You can see that CDS and exon belonging to the same transcript have the same Parent value.
Therefore, we can easily map the CDS coordinates to the exon coordinates of the corresponding transcript,
by pairing (overlapping) CDS and exon intervals with the same Parent value:
>>> pr.options.reset_options()
>>> cds = gr[gr.Feature == 'CDS'].get_with_loc_columns(['Feature', 'Parent'])
>>> exons = gr[gr.Feature == 'exon'].get_with_loc_columns(['Feature', 'Parent'])

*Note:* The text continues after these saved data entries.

definition chain_graph :: "'s set \<Rightarrow> ('s \<Rightarrow> 's \<Rightarrow> real) \<Rightarrow> ('s \<times> 's) set" where
  "chain_graph X P = {(x, y). x \<in> X \<and> y \<in> X \<and> P x y \<noteq> 0}"

definition aperiodic :: "'s set \<Rightarrow> ('s \<Rightarrow> 's \<Rightarrow> real) \<Rightarrow> bool" where
  "aperiodic X P \<longleftrightarrow>
     (\<forall>x\<in>X. Gcd {k::nat. k > 0 \<and> (x, x) \<in> (chain_graph X P) ^^ k} = 1)"

end

theory Submission
  imports Defs
begin

text \<open>Every trim automaton with at least one state has a final state f. Toggling the finality
  of f either leaves the class, in which case this move of probability \<rho>2/n is absorbed
  into the diagonal and the automaton carries a self-loop; or it gives a neighbour with one final
  state fewer that the chain reaches and leaves by the same move with probability \<rho>2/n.
  Descending on the number of final states, every automaton lies on a closed walk of odd length,
  and it carries either a self-loop or a closed walk of length 2; hence the gcd of its cycle
  lengths is 1.\<close>

lemma Gcd_eq_1_if_coprime_mem:
  fixes a b :: nat
  assumes "a \<in> S" "b \<in> S" "coprime a b"
  shows "Gcd S = 1"
  using coprime_common_divisor[OF assms(3) Gcd_dvd[OF assms(1)] Gcd_dvd[OF assms(2)]] by simp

>>> cds_local = cds.map_to_local(exons, ref_on='Parent', match_by='Parent')
>>> cds_local
index | Chromosome Start End Strand Feature
int64 | str int64 int64 str category
------- --- --------------------- ------- ------- -------- ----------
0 | rna-DGYR_LOCUS13733 1 382 + CDS
1 | rna-DGYR_LOCUS13734 258 484 + CDS
2 | rna-DGYR_LOCUS13734 484 625 + CDS
3 | rna-DGYR_LOCUS13734 625 798 + CDS
... | ... ... ... ... ...
52 | rna-DGYR_LOCUS12552-2 139 237 + CDS
53 | rna-DGYR_LOCUS12552-2 237 337 + CDS
54 | rna-DGYR_LOCUS12552-2 337 520 + CDS
55 | rna-DGYR_LOCUS12552-2 520 640 + CDS
PyRanges with 56 rows, 5 columns, and 1 index columns.

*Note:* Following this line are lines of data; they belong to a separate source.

lemma Phragmen_Lindelof_Re_nonneg:
  fixes H :: "complex \<Rightarrow> complex" and g :: "complex \<Rightarrow> real"
  assumes H: "H holomorphic_on UNIV" and g: "continuous_on UNIV g" and "g z0 < 0"
    and boundary: "\<And>w. g w = 0 \<Longrightarrow> 0 \<le> Re (H w)"
    and below: "\<And>w. 0 \<le> g w \<Longrightarrow> - M \<le> Re (H w)"
    and z: "0 \<le> g z"
  shows "0 \<le> Re (H z)"
proof -
  have "open {w. g w < 0}"
    by (intro open_Collect_less continuous_on_const g)
  then obtain r where "0 < r" and r: "ball z0 r \<subseteq> {w. g w < 0}"
    using \<open>g z0 < 0\<close> open_contains_ball by blast
  have outside: "r \<le> norm (w - z0)" if "0 \<le> g w" for w
  proof -
    have "w \<notin> ball z0 r"
      using r that by auto
    then show ?thesis
      by (simp add: dist_norm norm_minus_commute)
  qed
  define L where "L = ln (norm (z - z0) / r)"
  have bound: "- L / k \<le> Re (H z)" if "0 < k" for k
  proof -
    have "- L \<le> Re (H z) * k"
      using Re_log_barrier_bound[OF H g \<open>0 < r\<close> outside boundary below that z]
      by (simp add: L_def mult.commute)
    then show ?thesis
      by (simp only: pos_divide_le_eq[OF that])
  qed
  have "\<forall>\<^sub>F k in at_top. - L / k \<le> Re (H z)"
    by (rule eventually_mono[OF eventually_gt_at_top[of 0] bound])
  moreover have "((\<lambda>k. - L / k) \<longlongrightarrow> 0) at_top"
    by (intro tendsto_divide_0[OF tendsto_const] filterlim_at_top_imp_at_infinity filterlim_ident)
  ultimately show ?thesis
    using tendsto_upperbound by force
qed

text \<open>Phragmen-Lindelof applies to F + \<epsilon> G + C for every \<epsilon> > 0; then let \<epsilon> \<rightarrow> 0.\<close>
lemma entire_Re_lower_bound_where_Re_nonneg:
  assumes F: "F holomorphic_on UNIV" and G: "G holomorphic_on UNIV" and "Re (G z0) < 0"
    and dominated: "\<And>\<epsilon>. 0 < \<epsilon> \<Longrightarrow> \<exists>C. \<forall>w. - \<epsilon> * \<bar>Re (G w)\<bar> - C \<le> Re (F w)"
  obtains C where "\<And>z. 0 \<le> Re (G z) \<Longrightarrow> - C \<le> Re (F z)"
proof -
  obtain C where C: "\<And>w. - 1 * \<bar>Re (G w)\<bar> - C \<le> Re (F w)"
    using dominated[of 1] by auto
  have ReG: "continuous_on UNIV (\<lambda>w. Re (G w))"
    using holomorphic_on_imp_continuous_on[OF G] by (intro continuous_intros)
  have approx: "0 \<le> Re (F z) + \<epsilon> * Re (G z) + C" if "0 \<le> Re (G z)" "0 < \<epsilon>" for z \<epsilon>
  proof -
    obtain C\<epsilon> where C\<epsilon>: "\<And>w. - \<epsilon> * \<bar>Re (G w)\<bar> - C\<epsilon> \<le> Re (F w)"
      using dominated[OF \<open>0 < \<epsilon>\<close>] by auto
    have "0 \<le> Re (F z + of_real \<epsilon> * G z + of_real C)"
    proof (rule Phragmen_Lindelof_Re_nonneg[OF _ ReG \<open>Re (G z0) < 0\<close>,
          where H = "\<lambda>w. F w + of_real \<epsilon> * G w + of_real C" and M = "C\<epsilon> - C"])
      show "(\<lambda>w. F w + of_real \<epsilon> * G w + of_real C) holomorphic_on UNIV"
        using F G by (intro holomorphic_intros)
      show "0 \<le> Re (F w + of_real \<epsilon> * G w + of_real C)" if "Re (G w) = 0" for w
        using C[of w] that by simp
      show "- (C\<epsilon> - C) \<le> Re (F w + of_real \<epsilon> * G w + of_real C)" if "0 \<le> Re (G w)" for w
        using C\<epsilon>[of w] that by simp
    qed (use that in simp)
    then show ?thesis by simp
  qed
  have limit: "0 \<le> Re (F z) + C" if "0 \<le> Re (G z)" for z
  proof (rule tendsto_lowerbound)
    have "((\<lambda>\<epsilon>. Re (F z) + \<epsilon> * Re (G z) + C) \<longlongrightarrow> Re (F z) + 0 * Re (G z) + C) (at_right 0)"
      by (intro tendsto_intros)
    then show "((\<lambda>\<epsilon>. Re (F z) + \<epsilon> * Re (G z) + C) \<longlongrightarrow> Re (F z) + C) (at_right 0)"
      by simp
    show "\<forall>\<^sub>F \<epsilon> in at_right 0. 0 \<le> Re (F z) + \<epsilon> * Re (G z) + C"
      using eventually_at_right_less[of 0] by (rule eventually_mono) (rule approx[OF that])
  qed simp_all
  have "- C \<le> Re (F z)" if "0 \<le> Re (G z)" for z
    using limit[OF that] by linarith
  then show thesis by (rule that)
qed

Contains 17 chromosomes and 1 strands.
>>> cds_local[cds_local.Chromosome == some_id]
index | Chromosome Start End Strand Feature
int64 | str int64 int64 str category
------- --- --------------------- ------- ------- -------- ----------
51 | rna-DGYR_LOCUS12552-2 97 139 + CDS
52 | rna-DGYR_LOCUS12552-2 139 237 + CDS
53 | rna-DGYR_LOCUS12552-2 237 337 + CDS
54 | rna-DGYR_LOCUS12552-2 337 520 + CDS
55 | rna-DGYR_LOCUS12552-2 520 640 + CDS
PyRanges with 5 rows, 5 columns, and 1 index columns.
Contains 1 chromosomes and 1 strands.
With the similar logic, we can easily map the start and stop codon positions to the exon coordinates:
>>> cds.slice_ranges(0, 3).assign(Feature='start').map_to_local(exons, ref_on='Parent', match_by='Parent')
index | Chromosome Start End Strand Feature
int64 | str int64 int64 str str
------- --- --------------------- ------- ------- -------- ---------
0 | rna-DGYR_LOCUS13733 1 4 + start
1 | rna-DGYR_LOCUS13734 258 261 + start
2 | rna-DGYR_LOCUS13734 484 487 + start
3 | rna-DGYR_LOCUS13734 625 628 + start
... | ... ... ... ... ...
52 | rna-DGYR_LOCUS12552-2 139 142 + start
53 | rna-DGYR_LOCUS12552-2 237 240 + start
54 | rna-DGYR_LOCUS12552-2 337 340 + start
55 | rna-DGYR_LOCUS12552-2 520 523 + start
PyRanges with 56 rows, 5 columns, and 1 index columns.
Contains 17 chromosomes and 1 strands.
>>> cds.slice_ranges(-3).assign(Feature='stop').map_to_local(exons, ref_on='Parent', match_by='Parent')
index | Chromosome Start End Strand Feature
int64 | str int64 int64 str str
------- --- --------------------- ------- ------- -------- ---------
0 | rna-DGYR_LOCUS13733 379 382 + stop
1 | rna-DGYR_LOCUS13734 481 484 + stop
2 | rna-DGYR_LOCUS13734 622 625 + stop
3 | rna-DGYR_LOCUS13734 795 798 + stop
... | ... ... ... ... ...
52 | rna-DGYR_LOCUS12552-2 234 237 + stop
53 | rna-DGYR_LOCUS12552-2 334 337 + stop
54 | rna-DGYR_LOCUS12552-2 517 520 + stop
55 | rna-DGYR_LOCUS12552-2 637 640 + stop
PyRanges with 56 rows, 5 columns, and 1 index columns.
Contains 17 chromosomes and 1 strands.